Required work:
Select, from the data, each line where "intro" occurs.
####
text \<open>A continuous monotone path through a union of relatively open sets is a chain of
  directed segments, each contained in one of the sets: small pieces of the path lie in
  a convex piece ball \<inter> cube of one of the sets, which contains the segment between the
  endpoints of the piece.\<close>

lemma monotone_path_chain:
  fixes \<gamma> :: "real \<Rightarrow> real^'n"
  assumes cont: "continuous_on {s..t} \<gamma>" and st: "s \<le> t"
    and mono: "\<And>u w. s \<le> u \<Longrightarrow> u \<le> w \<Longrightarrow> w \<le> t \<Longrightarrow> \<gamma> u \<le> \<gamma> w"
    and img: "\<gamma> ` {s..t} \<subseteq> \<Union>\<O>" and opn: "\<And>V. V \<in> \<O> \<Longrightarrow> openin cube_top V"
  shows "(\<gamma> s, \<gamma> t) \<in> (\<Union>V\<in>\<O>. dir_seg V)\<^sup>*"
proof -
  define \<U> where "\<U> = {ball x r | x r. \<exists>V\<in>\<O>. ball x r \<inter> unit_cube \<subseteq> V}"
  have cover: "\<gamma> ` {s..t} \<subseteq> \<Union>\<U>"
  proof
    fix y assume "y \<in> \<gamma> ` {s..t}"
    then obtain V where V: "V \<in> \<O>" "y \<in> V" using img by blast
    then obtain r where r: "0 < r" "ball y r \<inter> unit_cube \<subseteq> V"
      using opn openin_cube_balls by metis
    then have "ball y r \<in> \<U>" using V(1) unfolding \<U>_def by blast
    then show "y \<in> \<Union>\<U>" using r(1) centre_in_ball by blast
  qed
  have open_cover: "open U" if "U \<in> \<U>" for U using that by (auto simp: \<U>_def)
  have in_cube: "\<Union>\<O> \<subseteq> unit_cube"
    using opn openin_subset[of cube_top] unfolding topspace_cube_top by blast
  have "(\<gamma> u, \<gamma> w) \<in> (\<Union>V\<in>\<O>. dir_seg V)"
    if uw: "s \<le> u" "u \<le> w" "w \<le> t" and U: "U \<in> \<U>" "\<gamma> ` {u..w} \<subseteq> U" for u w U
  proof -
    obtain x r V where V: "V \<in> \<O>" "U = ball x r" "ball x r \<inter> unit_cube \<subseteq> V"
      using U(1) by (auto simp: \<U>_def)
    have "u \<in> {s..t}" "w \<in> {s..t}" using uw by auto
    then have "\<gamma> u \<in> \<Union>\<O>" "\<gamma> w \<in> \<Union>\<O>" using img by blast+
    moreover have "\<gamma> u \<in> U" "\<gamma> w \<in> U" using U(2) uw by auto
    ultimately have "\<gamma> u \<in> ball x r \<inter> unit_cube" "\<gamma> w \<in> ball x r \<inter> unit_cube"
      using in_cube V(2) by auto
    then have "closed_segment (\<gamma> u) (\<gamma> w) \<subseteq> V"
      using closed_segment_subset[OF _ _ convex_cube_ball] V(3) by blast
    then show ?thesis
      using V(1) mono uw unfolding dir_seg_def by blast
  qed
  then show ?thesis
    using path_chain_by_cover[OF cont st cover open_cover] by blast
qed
####
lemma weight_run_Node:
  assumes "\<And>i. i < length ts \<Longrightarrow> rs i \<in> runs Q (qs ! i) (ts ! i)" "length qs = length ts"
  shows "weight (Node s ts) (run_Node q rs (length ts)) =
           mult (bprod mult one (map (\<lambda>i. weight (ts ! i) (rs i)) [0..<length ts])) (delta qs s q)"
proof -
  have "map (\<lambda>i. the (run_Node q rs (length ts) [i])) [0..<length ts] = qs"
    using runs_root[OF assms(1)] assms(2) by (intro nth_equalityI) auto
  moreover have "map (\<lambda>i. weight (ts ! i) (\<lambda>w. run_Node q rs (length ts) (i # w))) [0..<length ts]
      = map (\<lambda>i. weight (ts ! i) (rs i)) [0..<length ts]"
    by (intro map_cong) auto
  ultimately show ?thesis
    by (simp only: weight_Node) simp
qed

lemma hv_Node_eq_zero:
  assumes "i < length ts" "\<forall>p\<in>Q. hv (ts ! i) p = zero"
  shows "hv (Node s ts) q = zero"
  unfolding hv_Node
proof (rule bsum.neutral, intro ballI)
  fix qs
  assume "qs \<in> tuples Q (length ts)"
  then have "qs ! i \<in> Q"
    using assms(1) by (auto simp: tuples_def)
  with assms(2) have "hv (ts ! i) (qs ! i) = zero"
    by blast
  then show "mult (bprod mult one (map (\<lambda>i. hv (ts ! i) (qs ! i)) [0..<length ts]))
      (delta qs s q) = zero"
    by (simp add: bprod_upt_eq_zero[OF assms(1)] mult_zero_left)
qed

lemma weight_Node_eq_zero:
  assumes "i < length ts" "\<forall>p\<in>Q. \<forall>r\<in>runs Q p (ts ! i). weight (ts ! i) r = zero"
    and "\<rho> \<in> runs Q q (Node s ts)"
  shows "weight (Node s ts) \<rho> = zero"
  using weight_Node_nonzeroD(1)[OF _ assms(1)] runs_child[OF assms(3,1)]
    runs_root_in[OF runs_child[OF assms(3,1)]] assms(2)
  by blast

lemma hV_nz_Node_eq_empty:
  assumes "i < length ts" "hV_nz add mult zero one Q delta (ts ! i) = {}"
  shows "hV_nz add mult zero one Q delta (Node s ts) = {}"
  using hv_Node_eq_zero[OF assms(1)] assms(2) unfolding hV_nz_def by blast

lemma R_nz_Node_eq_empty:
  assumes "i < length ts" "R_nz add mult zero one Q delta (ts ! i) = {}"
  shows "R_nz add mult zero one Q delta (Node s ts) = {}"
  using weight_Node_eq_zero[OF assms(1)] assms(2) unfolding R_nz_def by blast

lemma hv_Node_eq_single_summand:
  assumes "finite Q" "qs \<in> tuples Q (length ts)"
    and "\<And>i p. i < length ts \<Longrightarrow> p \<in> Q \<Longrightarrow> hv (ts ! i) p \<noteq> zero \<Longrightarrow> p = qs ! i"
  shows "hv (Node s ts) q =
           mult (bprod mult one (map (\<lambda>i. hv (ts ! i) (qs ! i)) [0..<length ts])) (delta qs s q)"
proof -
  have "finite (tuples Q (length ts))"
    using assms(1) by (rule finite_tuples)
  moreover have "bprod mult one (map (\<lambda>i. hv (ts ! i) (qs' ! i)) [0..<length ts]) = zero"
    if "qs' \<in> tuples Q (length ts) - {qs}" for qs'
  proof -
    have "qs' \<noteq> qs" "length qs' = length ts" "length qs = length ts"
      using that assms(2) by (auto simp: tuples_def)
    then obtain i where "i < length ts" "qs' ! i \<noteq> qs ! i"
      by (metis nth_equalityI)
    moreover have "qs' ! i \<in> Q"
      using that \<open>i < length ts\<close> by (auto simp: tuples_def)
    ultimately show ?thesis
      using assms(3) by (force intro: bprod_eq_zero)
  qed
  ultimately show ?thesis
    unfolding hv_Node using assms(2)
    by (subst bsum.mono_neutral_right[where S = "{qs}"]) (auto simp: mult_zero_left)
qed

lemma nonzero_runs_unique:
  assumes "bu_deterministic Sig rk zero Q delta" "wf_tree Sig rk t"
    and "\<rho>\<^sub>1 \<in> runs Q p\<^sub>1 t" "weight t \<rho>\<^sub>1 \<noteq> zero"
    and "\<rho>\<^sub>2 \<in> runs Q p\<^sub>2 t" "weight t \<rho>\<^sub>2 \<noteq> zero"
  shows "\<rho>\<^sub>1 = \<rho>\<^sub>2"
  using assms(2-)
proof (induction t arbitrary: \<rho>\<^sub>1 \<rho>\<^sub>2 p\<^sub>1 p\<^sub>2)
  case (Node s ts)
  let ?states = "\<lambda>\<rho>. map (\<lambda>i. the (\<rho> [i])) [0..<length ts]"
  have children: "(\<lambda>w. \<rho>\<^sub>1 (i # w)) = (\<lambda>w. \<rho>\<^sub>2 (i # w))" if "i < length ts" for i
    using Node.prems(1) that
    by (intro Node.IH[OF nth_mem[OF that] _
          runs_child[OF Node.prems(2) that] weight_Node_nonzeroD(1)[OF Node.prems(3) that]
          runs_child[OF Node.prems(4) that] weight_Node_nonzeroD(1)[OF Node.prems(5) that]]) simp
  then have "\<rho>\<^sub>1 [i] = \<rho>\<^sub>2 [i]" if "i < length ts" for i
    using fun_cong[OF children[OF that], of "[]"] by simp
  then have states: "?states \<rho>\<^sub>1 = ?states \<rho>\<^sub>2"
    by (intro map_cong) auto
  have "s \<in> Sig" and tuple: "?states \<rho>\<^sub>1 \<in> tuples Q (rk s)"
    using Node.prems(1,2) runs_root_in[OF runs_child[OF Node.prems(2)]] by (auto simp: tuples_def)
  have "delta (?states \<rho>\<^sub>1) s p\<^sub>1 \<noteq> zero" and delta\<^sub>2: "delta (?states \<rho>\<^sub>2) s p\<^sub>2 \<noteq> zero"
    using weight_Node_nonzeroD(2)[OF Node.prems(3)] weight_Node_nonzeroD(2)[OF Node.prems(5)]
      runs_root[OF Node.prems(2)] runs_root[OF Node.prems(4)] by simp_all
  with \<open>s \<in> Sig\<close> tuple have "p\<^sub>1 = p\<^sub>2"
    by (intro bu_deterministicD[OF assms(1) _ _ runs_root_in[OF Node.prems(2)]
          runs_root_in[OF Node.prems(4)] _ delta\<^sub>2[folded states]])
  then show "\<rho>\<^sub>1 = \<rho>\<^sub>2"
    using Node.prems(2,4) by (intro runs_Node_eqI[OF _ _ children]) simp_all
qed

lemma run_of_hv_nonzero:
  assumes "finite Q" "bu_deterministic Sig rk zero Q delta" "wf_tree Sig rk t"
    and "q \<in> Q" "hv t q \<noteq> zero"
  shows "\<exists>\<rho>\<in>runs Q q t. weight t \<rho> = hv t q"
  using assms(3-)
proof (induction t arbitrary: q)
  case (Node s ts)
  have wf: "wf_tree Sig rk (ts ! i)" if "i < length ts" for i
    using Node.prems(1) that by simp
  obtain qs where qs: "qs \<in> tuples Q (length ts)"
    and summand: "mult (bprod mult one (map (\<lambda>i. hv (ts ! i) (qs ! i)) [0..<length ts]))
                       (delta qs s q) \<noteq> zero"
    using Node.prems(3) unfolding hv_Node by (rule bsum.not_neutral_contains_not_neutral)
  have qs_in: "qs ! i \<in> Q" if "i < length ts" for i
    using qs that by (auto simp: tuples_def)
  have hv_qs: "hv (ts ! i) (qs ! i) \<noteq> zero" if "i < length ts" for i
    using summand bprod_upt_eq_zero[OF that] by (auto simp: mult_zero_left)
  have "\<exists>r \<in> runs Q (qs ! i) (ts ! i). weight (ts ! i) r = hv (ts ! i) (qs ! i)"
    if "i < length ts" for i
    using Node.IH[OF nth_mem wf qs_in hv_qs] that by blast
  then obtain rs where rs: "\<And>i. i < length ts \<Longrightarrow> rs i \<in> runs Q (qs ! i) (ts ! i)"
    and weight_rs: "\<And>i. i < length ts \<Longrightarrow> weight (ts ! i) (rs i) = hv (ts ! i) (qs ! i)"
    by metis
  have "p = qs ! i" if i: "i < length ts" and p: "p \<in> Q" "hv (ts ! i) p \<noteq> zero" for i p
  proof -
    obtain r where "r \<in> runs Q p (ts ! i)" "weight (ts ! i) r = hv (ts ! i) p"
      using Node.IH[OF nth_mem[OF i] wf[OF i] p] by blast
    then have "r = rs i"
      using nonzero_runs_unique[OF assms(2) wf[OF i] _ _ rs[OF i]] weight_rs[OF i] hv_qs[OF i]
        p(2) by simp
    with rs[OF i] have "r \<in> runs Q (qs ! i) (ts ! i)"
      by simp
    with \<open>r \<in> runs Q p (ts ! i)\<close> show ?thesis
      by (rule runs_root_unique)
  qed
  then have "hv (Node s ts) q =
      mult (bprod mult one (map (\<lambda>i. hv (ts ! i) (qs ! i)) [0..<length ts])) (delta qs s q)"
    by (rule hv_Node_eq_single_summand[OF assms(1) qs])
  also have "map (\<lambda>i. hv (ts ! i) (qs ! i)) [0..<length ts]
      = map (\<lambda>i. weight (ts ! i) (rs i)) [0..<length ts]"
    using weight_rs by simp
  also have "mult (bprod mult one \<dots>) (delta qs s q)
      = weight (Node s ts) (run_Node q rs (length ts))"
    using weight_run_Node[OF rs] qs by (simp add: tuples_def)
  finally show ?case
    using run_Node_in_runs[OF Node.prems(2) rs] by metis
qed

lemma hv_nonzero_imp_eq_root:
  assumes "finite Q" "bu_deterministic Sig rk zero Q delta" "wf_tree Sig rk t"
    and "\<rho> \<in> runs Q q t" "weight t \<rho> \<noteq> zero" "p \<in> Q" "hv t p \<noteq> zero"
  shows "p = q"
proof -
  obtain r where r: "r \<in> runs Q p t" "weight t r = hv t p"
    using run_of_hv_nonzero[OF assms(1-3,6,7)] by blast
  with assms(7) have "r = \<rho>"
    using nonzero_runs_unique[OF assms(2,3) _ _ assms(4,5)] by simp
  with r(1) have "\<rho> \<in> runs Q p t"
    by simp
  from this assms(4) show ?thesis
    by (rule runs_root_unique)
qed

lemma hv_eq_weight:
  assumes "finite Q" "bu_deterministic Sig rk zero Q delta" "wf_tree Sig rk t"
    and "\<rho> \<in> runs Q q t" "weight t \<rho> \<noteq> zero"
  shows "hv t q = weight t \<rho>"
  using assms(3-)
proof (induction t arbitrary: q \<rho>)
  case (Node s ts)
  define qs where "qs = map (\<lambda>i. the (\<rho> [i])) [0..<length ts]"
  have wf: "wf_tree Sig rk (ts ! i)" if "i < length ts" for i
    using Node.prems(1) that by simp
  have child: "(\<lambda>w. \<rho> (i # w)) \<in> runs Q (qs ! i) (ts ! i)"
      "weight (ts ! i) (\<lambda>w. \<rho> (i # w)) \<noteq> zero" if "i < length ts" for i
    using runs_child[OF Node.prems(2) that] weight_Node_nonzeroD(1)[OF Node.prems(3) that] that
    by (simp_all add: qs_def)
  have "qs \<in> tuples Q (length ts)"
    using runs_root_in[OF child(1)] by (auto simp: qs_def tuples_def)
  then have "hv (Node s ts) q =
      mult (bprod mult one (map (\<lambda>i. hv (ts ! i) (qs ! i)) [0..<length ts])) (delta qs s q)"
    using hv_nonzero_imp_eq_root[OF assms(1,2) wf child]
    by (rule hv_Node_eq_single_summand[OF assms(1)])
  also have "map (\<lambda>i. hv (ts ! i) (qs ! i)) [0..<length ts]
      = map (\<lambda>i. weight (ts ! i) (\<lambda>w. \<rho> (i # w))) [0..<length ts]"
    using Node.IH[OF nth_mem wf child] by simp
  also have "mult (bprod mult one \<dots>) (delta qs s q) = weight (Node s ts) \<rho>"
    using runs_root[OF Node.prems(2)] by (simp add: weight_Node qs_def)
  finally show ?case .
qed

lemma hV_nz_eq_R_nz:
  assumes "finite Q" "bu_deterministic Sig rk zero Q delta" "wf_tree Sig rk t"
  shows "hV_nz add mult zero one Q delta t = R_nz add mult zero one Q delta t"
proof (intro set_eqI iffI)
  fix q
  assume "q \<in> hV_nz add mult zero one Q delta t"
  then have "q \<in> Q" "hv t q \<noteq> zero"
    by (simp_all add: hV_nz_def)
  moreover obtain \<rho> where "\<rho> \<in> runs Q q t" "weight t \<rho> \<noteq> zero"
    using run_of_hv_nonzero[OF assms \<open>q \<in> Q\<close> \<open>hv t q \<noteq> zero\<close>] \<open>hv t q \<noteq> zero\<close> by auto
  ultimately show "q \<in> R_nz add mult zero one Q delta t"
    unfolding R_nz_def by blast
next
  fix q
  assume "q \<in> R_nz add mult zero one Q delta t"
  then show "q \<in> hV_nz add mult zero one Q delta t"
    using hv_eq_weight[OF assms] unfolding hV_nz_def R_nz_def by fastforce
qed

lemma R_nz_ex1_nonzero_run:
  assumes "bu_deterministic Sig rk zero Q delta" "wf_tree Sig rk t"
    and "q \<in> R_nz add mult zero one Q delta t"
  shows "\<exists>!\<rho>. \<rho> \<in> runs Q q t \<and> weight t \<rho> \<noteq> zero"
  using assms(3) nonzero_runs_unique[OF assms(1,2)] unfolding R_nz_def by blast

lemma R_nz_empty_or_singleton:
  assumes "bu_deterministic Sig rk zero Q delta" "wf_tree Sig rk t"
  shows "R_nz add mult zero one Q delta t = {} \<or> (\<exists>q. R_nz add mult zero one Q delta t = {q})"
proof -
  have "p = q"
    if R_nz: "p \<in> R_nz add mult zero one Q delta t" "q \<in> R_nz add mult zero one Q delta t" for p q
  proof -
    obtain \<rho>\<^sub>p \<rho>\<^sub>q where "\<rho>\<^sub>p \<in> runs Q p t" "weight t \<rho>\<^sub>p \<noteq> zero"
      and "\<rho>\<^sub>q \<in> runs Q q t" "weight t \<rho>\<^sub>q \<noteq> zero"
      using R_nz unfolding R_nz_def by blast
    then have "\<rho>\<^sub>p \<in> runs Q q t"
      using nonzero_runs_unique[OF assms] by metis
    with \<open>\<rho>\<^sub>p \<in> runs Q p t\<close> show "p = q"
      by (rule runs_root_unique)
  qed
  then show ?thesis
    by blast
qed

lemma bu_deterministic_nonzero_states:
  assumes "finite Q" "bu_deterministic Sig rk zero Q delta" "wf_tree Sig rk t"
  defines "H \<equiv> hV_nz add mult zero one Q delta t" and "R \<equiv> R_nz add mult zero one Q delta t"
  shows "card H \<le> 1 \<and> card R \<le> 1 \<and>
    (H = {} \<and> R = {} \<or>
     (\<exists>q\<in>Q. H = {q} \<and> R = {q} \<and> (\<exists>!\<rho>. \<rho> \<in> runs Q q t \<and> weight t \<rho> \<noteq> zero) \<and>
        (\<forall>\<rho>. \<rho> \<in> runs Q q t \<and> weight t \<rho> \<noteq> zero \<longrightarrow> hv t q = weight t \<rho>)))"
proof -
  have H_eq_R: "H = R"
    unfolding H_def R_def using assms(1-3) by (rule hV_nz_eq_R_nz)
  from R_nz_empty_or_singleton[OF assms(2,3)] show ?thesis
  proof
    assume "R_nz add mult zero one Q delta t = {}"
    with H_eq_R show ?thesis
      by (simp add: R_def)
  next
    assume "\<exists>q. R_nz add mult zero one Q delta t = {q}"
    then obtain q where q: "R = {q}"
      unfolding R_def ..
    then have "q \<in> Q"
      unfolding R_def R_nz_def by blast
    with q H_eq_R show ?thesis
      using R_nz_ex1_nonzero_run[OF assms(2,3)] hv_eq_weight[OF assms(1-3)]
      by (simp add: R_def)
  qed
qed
####
Solved problem:
    using runs_root[OF assms(1)] assms(2) by (intro nth_equalityI) auto
    by (intro map_cong) auto
proof (rule bsum.neutral, intro ballI)
      using assms(3) by (force intro: bprod_eq_zero)
    by (intro Node.IH[OF nth_mem[OF that] _
    by (intro map_cong) auto
    by (intro bu_deterministicD[OF assms(1) _ _ runs_root_in[OF Node.prems(2)]
    using Node.prems(2,4) by (intro runs_Node_eqI[OF _ _ children]) simp_all
proof (intro set_eqI iffI)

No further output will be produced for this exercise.